Besides, there are a couple legitimate reasons one might want to
screw with function returns in one's own code -- but the better
solution is probably setjmp()/longjmp() instead for those cases.
Or perhaps having each function return the address of the next
function to be called -- I forget the term.

The only reason of which I can conceive is building a debugger. He
shows no signs of having that capability.

 

[Default User]

The very fact that you calls Trisdale "Trollsdare" and me a joker shows
that
you are a real bastard.

The very fact that you are an idiot and a jerk shows me you need to be
plonked. So I will do so.



Brian

 

[Ben Pfaff]

The only reason of which I can conceive is building a debugger. He
shows no signs of having that capability.

There are plenty of other reasons.
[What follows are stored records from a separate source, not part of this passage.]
text \<open>Everything follows from the exactness of Hom(-,W) on distinguished triangles:
  if X \<rightarrow> Y \<rightarrow> Z \<rightarrow> X[1] is distinguished and g \<circ> u = 0 for g : Y \<rightarrow> W, then g factors
  through Y \<rightarrow> Z (TR3 against the triangle 0 \<rightarrow> W \<rightarrow> W \<rightarrow> 0).  Consequently Hom(-,W) = 0 is
  closed under extensions, hence vanishes on the whole extension closure \<F>(\<X>) once it
  vanishes on \<X>.  Since K(j) \<in> \<F>(\<Theta>(l) : l > j) and Hom(\<Theta>(l),\<Theta>(i)) = 0 for l > j \<ge> i,
  this gives Hom(K(j),\<Theta>(i)) = 0, and the triangle Q(j) \<rightarrow> \<Theta>(j) \<rightarrow> K(j)[1] together with
  Hom(Q,\<Theta>(i)[1]) = 0 gives Hom(\<Theta>(j),\<Theta>(i)[1]) = 0.  Precomposition with \<beta>(j) is then
  surjective because Hom(K(j),\<Theta>(i)) = 0, and injective because either i = j and
  Hom(K(j)[1],\<Theta>(j)) = 0, or i < j and Hom(\<Theta>(j),\<Theta>(i)) = 0.  For (c), rotating the
  triangle of \<Theta>(i) puts \<Theta>(i)[1] between Q(i)[1] and K(i)[2].\<close>

lemma homgrp_simps [simp]:
  "carrier (homgrp C X Y) = Hom C X Y"
  "mult (homgrp C X Y) = plus C"
  "one (homgrp C X Y) = zer C X Y"
  by (simp_all add: homgrp_def)

locale triangulated_category =
  fixes C :: "('o, 'm) tcat"
  assumes triangulated: "triangulated C"
begin

lemma hom_ob_empty [rule_format]:
  "\<forall>X Y. (X \<notin> Ob C \<or> Y \<notin> Ob C) \<longrightarrow> Hom C X Y = {}"
  using triangulated unfolding triangulated_def by (elim conjE) assumption

lemma cmp_in [rule_format]:
  "\<forall>X Y Z f g. f \<in> Hom C X Y \<longrightarrow> g \<in> Hom C Y Z \<longrightarrow> cmp C g f \<in> Hom C X Z"
  using triangulated unfolding triangulated_def by (elim conjE) assumption

lemma cmp_assoc [rule_format]:
  "\<forall>W X Y Z f g h. f \<in> Hom C W X \<longrightarrow> g \<in> Hom C X Y \<longrightarrow> h \<in> Hom C Y Z \<longrightarrow>
       cmp C h (cmp C g f) = cmp C (cmp C h g) f"
  using triangulated unfolding triangulated_def by (elim conjE) assumption

lemma cmp_idt [rule_format]:
  "\<forall>X Y f. f \<in> Hom C X Y \<longrightarrow> cmp C (idt C Y) f = f \<and> cmp C f (idt C X) = f"
  using triangulated unfolding triangulated_def by (elim conjE) assumption

lemma comm_group_homgrp [rule_format]:
  "\<forall>X \<in> Ob C. \<forall>Y \<in> Ob C. comm_group (homgrp C X Y)"
  using triangulated unfolding triangulated_def by (elim conjE) assumption

lemma cmp_plus_left [rule_format]:
  "\<forall>X Y Z f g g'. f \<in> Hom C X Y \<longrightarrow> g \<in> Hom C Y Z \<longrightarrow> g' \<in> Hom C Y Z \<longrightarrow>
       cmp C (plus C g g') f = plus C (cmp C g f) (cmp C g' f)"
  using triangulated unfolding triangulated_def by (elim conjE) assumption

lemma zero_obj_exists: "\<exists>Z. is_zero_obj C Z"
  using triangulated unfolding triangulated_def by (elim conjE) assumption

lemma bij_betw_sh: "bij_betw (sh C) (Ob C) (Ob C)"
  using triangulated unfolding triangulated_def by (elim conjE) assumption

lemma bij_betw_shm [rule_format]:
  "\<forall>X \<in> Ob C. \<forall>Y \<in> Ob C. bij_betw (shm C) (Hom C X Y) (Hom C (sh C X) (sh C Y))"
  using triangulated unfolding triangulated_def by (elim conjE) assumption

lemma Dist_homs [rule_format]:
  "\<forall>X Y Z u v w. (X, Y, Z, u, v, w) \<in> Dist C \<longrightarrow>
       u \<in> Hom C X Y \<and> v \<in> Hom C Y Z \<and> w \<in> Hom C Z (sh C X)"
  using triangulated unfolding triangulated_def by (elim conjE) assumption

lemma Dist_idt_zero [rule_format]:
  "\<forall>X \<in> Ob C. \<forall>Z. is_zero_obj C Z \<longrightarrow>
       (X, X, Z, idt C X, zer C X Z, zer C Z (sh C X)) \<in> Dist C"
  using triangulated unfolding triangulated_def by (elim conjE) assumption

lemma Dist_rotate_iff [rule_format]:
  "\<forall>X Y Z u v w. u \<in> Hom C X Y \<longrightarrow>
       ((X, Y, Z, u, v, w) \<in> Dist C \<longleftrightarrow>
        (Y, Z, sh C X, v, w, tneg C (sh C X) (sh C Y) (shm C u)) \<in> Dist C)"
  using triangulated unfolding triangulated_def by (elim conjE) assumption

lemma Dist_tri_morph_exists [rule_format]:
  "\<forall>X Y Z u v w X' Y' Z' u' v' w' f g.
       (X, Y, Z, u, v, w) \<in> Dist C \<longrightarrow> (X', Y', Z', u', v', w') \<in> Dist C \<longrightarrow>
       f \<in> Hom C X X' \<longrightarrow> g \<in> Hom C Y Y' \<longrightarrow> cmp C g u = cmp C u' f \<longrightarrow>
       (\<exists>h. tri_morph C (X, Y, Z, u, v, w) (X', Y', Z', u', v', w') f g h)"
  using triangulated unfolding triangulated_def by (elim conjE) assumption

lemmas cmp_idt_left = cmp_idt[THEN conjunct1]
   and cmp_idt_right = cmp_idt[THEN conjunct2]

lemma hom_obD: "f \<in> Hom C X Y \<Longrightarrow> X \<in> Ob C \<and> Y \<in> Ob C"
  using hom_ob_empty by blast

lemma group_homgrp: "X \<in> Ob C \<Longrightarrow> Y \<in> Ob C \<Longrightarrow> group (homgrp C X Y)"
  using comm_group_homgrp comm_group.axioms(2) by blast

lemma zer_in: "X \<in> Ob C \<Longrightarrow> Y \<in> Ob C \<Longrightarrow> zer C X Y \<in> Hom C X Y"
  using group.is_monoid[OF group_homgrp] monoid.one_closed by fastforce

lemma cmp_zer_left:
  assumes f: "f \<in> Hom C X Y" and Z: "Z \<in> Ob C"
  shows "cmp C (zer C Y Z) f = zer C X Z"
proof -
  have X: "X \<in> Ob C" and Y: "Y \<in> Ob C" using hom_obD[OF f] by auto
  let ?z = "zer C Y Z"
  have z: "?z \<in> Hom C Y Z" using zer_in Y Z by auto
  have "plus C ?z ?z = ?z" using group.is_monoid[OF group_homgrp[OF Y Z]] monoid.l_one z by fastforce
  then have "cmp C ?z f = plus C (cmp C ?z f) (cmp C ?z f)" using cmp_plus_left f z by metis
  moreover have "cmp C ?z f \<in> Hom C X Z" using cmp_in f z by auto
  ultimately show ?thesis using group.l_cancel_one'[OF group_homgrp[OF X Z]] by fastforce
qed

lemma hom_zero_iff:
  "X \<in> Ob C \<Longrightarrow> Y \<in> Ob C \<Longrightarrow> hom_zero C X Y \<longleftrightarrow> (\<forall>f\<in>Hom C X Y. \<forall>g\<in>Hom C X Y. f = g)"
  unfolding hom_zero_def using zer_in[of X Y] by auto

lemma hom_zeroI:
  "X \<in> Ob C \<Longrightarrow> Y \<in> Ob C \<Longrightarrow> (\<And>f. f \<in> Hom C X Y \<Longrightarrow> f = zer C X Y) \<Longrightarrow> hom_zero C X Y"
  unfolding hom_zero_def using zer_in[of X Y] by blast

lemma hom_zeroD: "hom_zero C X Y \<Longrightarrow> f \<in> Hom C X Y \<Longrightarrow> f = zer C X Y"
  unfolding hom_zero_def by blast

lemma zero_obj_hom_zero:
  "is_zero_obj C Z \<Longrightarrow> X \<in> Ob C \<Longrightarrow> hom_zero C Z X \<and> hom_zero C X Z"
  using hom_zero_iff unfolding is_zero_obj_def by metis

lemma sh_in_Ob: "X \<in> Ob C \<Longrightarrow> sh C X \<in> Ob C"
  using bij_betw_apply[OF bij_betw_sh] .

lemma unsh_in_Ob: "Y \<in> Ob C \<Longrightarrow> unsh C Y \<in> Ob C"
  and sh_unsh: "Y \<in> Ob C \<Longrightarrow> sh C (unsh C Y) = Y"
  using bij_betw_imp_surj_on[OF bij_betw_sh] unfolding unsh_def
  by (metis inv_into_into, metis f_inv_into_f)

lemma hom_zero_sh_iff:
  assumes X: "X \<in> Ob C" and Y: "Y \<in> Ob C"
  shows "hom_zero C (sh C X) (sh C Y) \<longleftrightarrow> hom_zero C X Y"
proof -
  have b: "bij_betw (shm C) (Hom C X Y) (Hom C (sh C X) (sh C Y))" using bij_betw_shm X Y .
  show ?thesis
    unfolding hom_zero_iff[OF sh_in_Ob[OF X] sh_in_Ob[OF Y]] hom_zero_iff[OF X Y]
      bij_betw_imp_surj_on[OF b, symmetric]
    using bij_betw_imp_inj_on[OF b] unfolding inj_on_def by auto
qed

lemma zero_obj_sh:
  assumes Z: "is_zero_obj C Z"
  shows "is_zero_obj C (sh C Z)"
proof -
  have Z_ob: "Z \<in> Ob C" using Z unfolding is_zero_obj_def by blast
  have "(\<exists>!f. f \<in> Hom C (sh C Z) X) \<and> (\<exists>!f. f \<in> Hom C X (sh C Z))" if X: "X \<in> Ob C" for X
  proof -
    obtain X' where X': "X' \<in> Ob C" "X = sh C X'"
      using X bij_betw_imp_surj_on[OF bij_betw_sh] by blast
    have "hom_zero C (sh C Z) X \<and> hom_zero C X (sh C Z)"
      unfolding X'(2) hom_zero_sh_iff[OF Z_ob X'(1)] hom_zero_sh_iff[OF X'(1) Z_ob]
      using zero_obj_hom_zero[OF Z X'(1)] .
    then show ?thesis unfolding hom_zero_def by (intro conjI; simp)
  qed
  then show ?thesis unfolding is_zero_obj_def using sh_in_Ob[OF Z_ob] by blast
qed

lemma Dist_rotate:
  assumes D: "(X, Y, Z, u, v, w) \<in> Dist C"
  shows "(Y, Z, sh C X, v, w, tneg C (sh C X) (sh C Y) (shm C u)) \<in> Dist C"
  using Dist_homs[OF D] Dist_rotate_iff[THEN iffD1, OF _ D] by blast

lemma Dist_zero_idt:
  assumes W: "W \<in> Ob C" and Z: "is_zero_obj C Z"
  shows "(Z, W, W, zer C Z W, idt C W, zer C W (sh C Z)) \<in> Dist C"
proof -
  have Z_ob: "Z \<in> Ob C" using Z unfolding is_zero_obj_def by blast
  have shZ: "is_zero_obj C (sh C Z)" using zero_obj_sh[OF Z] .
  have z: "zer C Z W \<in> Hom C Z W" using zer_in Z_ob W by blast
  have "shm C (zer C Z W) \<in> Hom C (sh C Z) (sh C W)"
    using bij_betw_shm[OF Z_ob W] z unfolding bij_betw_def by blast
  then have "tneg C (sh C Z) (sh C W) (shm C (zer C Z W)) \<in> Hom C (sh C Z) (sh C W)"
    unfolding tneg_def using group.inv_closed[OF group_homgrp[OF sh_in_Ob[OF Z_ob] sh_in_Ob[OF W]]]
    by simp
  then have "tneg C (sh C Z) (sh C W) (shm C (zer C Z W)) = zer C (sh C Z) (sh C W)"
    using zero_obj_hom_zero[OF shZ sh_in_Ob[OF W]] hom_zeroD by blast
  then show ?thesis using Dist_rotate_iff[OF z, THEN iffD2] Dist_idt_zero[OF W shZ] by simp
qed

lemma Dist_lift:
  assumes D: "(X, Y, Z, u, v, w) \<in> Dist C" and g: "g \<in> Hom C Y W" and gu: "cmp C g u = zer C X W"
  shows "\<exists>h \<in> Hom C Z W. cmp C h v = g"
proof -
  obtain Z0 where Z0: "is_zero_obj C Z0" using zero_obj_exists by blast
  have Z0_ob: "Z0 \<in> Ob C" using Z0 unfolding is_zero_obj_def by blast
  have W: "W \<in> Ob C" using hom_obD g by blast
  have X: "X \<in> Ob C" using hom_obD Dist_homs[OF D] by blast
  have f: "zer C X Z0 \<in> Hom C X Z0" using zer_in X Z0_ob by blast
  have "cmp C g u = cmp C (zer C Z0 W) (zer C X Z0)" using cmp_zer_left[OF f W] gu by simp
  then obtain h where
    "tri_morph C (X, Y, Z, u, v, w) (Z0, W, W, zer C Z0 W, idt C W, zer C W (sh C Z0)) (zer C X Z0) g h"
    using Dist_tri_morph_exists[OF D Dist_zero_idt[OF W Z0] f g] by blast
  then have "h \<in> Hom C Z W" "cmp C h v = cmp C (idt C W) g" unfolding tri_morph_def by auto
  then show ?thesis using cmp_idt_left[OF g] by auto
qed

lemma hom_zero_Dist_middle:
  assumes D: "(X, Y, Z, u, v, w) \<in> Dist C" and W: "W \<in> Ob C"
    and X: "hom_zero C X W" and Z: "hom_zero C Z W"
  shows "hom_zero C Y W"
proof (rule hom_zeroI)
  have u: "u \<in> Hom C X Y" and v: "v \<in> Hom C Y Z" using Dist_homs[OF D] by auto
  then show "Y \<in> Ob C" using hom_obD by blast
  show "W \<in> Ob C" by (fact W)
  fix g assume g: "g \<in> Hom C Y W"
  have "cmp C g u = zer C X W" using hom_zeroD[OF X] cmp_in[OF u g] .
  then obtain h where h: "h \<in> Hom C Z W" "cmp C h v = g" using Dist_lift[OF D g] by blast
  then have "h = zer C Z W" using hom_zeroD[OF Z] by blast
  then show "g = zer C Y W" using h cmp_zer_left[OF v W] by simp
qed

lemma hom_zero_biprod_summand:
  assumes B: "biprod_fam C I Q S p e" and i: "i \<in> I" and S: "hom_zero C S W" and W: "W \<in> Ob C"
  shows "hom_zero C (Q i) W"
proof (rule hom_zeroI)
  have p: "p i \<in> Hom C S (Q i)" and e: "e i \<in> Hom C (Q i) S" and pe: "cmp C (p i) (e i) = idt C (Q i)"
    using B i unfolding biprod_fam_def by auto
  then show "Q i \<in> Ob C" using hom_obD by blast
  show "W \<in> Ob C" by (fact W)
  fix f assume f: "f \<in> Hom C (Q i) W"
  have "f = cmp C f (idt C (Q i))" using cmp_idt_right f by metis
  also have "\<dots> = cmp C (cmp C f (p i)) (e i)" using pe cmp_assoc e p f by metis
  also have "cmp C f (p i) = zer C S W" using hom_zeroD[OF S cmp_in[OF p f]] .
  also have "cmp C (zer C S W) (e i) = zer C (Q i) W" using cmp_zer_left[OF e W] .
  finally show "f = zer C (Q i) W" .
qed

lemma hom_zero_filt:
  assumes M: "M \<in> filt C \<X>" and W: "W \<in> Ob C" and \<X>: "\<And>X. X \<in> \<X> \<Longrightarrow> hom_zero C X W"
  shows "hom_zero C M W"
proof -
  obtain n Ms Xs us vs ws where M0: "is_zero_obj C (Ms 0)" and X0: "is_zero_obj C (Xs 0)"
    and Mn: "Ms (Suc n) = M" and Xs: "\<forall>k \<in> {1..n}. Xs k \<in> \<X>"
    and Ds: "\<forall>k \<le> n. (Ms k, Ms (Suc k), Xs k, us k, vs k, ws k) \<in> Dist C"
    using M unfolding filt_def by blast
  have "hom_zero C (Ms k) W" if "k \<le> Suc n" for k
    using that
  proof (induction k)
    case 0
    then show ?case using zero_obj_hom_zero M0 W by blast
  next
    case (Suc k)
    have k: "k \<le> n" using Suc.prems by simp
    have "hom_zero C (Xs k) W"
      using zero_obj_hom_zero[OF X0 W] Xs \<X> k by (cases k) auto
    then show ?case using hom_zero_Dist_middle[OF Ds[rule_format, OF k] W] Suc.IH k by simp
  qed
  then show ?thesis using Mn by blast
qed

lemma precomp_in_hom:
  assumes v: "v \<in> Hom C Y Z" and W: "W \<in> Ob C"
  shows "(\<lambda>g. cmp C g v) \<in> hom (homgrp C Z W) (homgrp C Y W)"
  by (rule homI) (auto intro: cmp_in[OF v] simp: cmp_plus_left[OF v])

lemma precomp_image_eq:
  assumes D: "(X, Y, Z, u, v, w) \<in> Dist C" and X: "hom_zero C X W"
  shows "(\<lambda>g. cmp C g v) ` Hom C Z W = Hom C Y W"
proof
  have u: "u \<in> Hom C X Y" and v: "v \<in> Hom C Y Z" using Dist_homs[OF D] by auto
  show "(\<lambda>g. cmp C g v) ` Hom C Z W \<subseteq> Hom C Y W" using cmp_in[OF v] by auto
  show "Hom C Y W \<subseteq> (\<lambda>g. cmp C g v) ` Hom C Z W"
  proof
    fix f assume f: "f \<in> Hom C Y W"
    have "cmp C f u = zer C X W" using hom_zeroD[OF X cmp_in[OF u f]] .
    then show "f \<in> (\<lambda>g. cmp C g v) ` Hom C Z W" using Dist_lift[OF D f] by force
  qed
qed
For example, I could want to
test my software by injecting an error once per unique call path
to some function (say malloc()), or I could want to obtain
information about call path coverage in a test suite. In either
case, I would need to obtain the return address of the current
function and, preferably, the entire call chain.

 

[ghyott]

The only reason of which I can conceive is building a debugger. He
shows no signs of having that capability.

First,I just don't want to entangle myself in these vapid arguments but
you are a real shit.
Second,in my opinion only that programmer can write a secure code who
knows how to exploit a vulnerability in a code,so that's why I am
studying these type of codes.
I don't have any bad intentions. Also you better should not comment
about others capabilities and yes ,by Trisdale I meant Tisdale.
So,Good night and Good bye fucker!!!!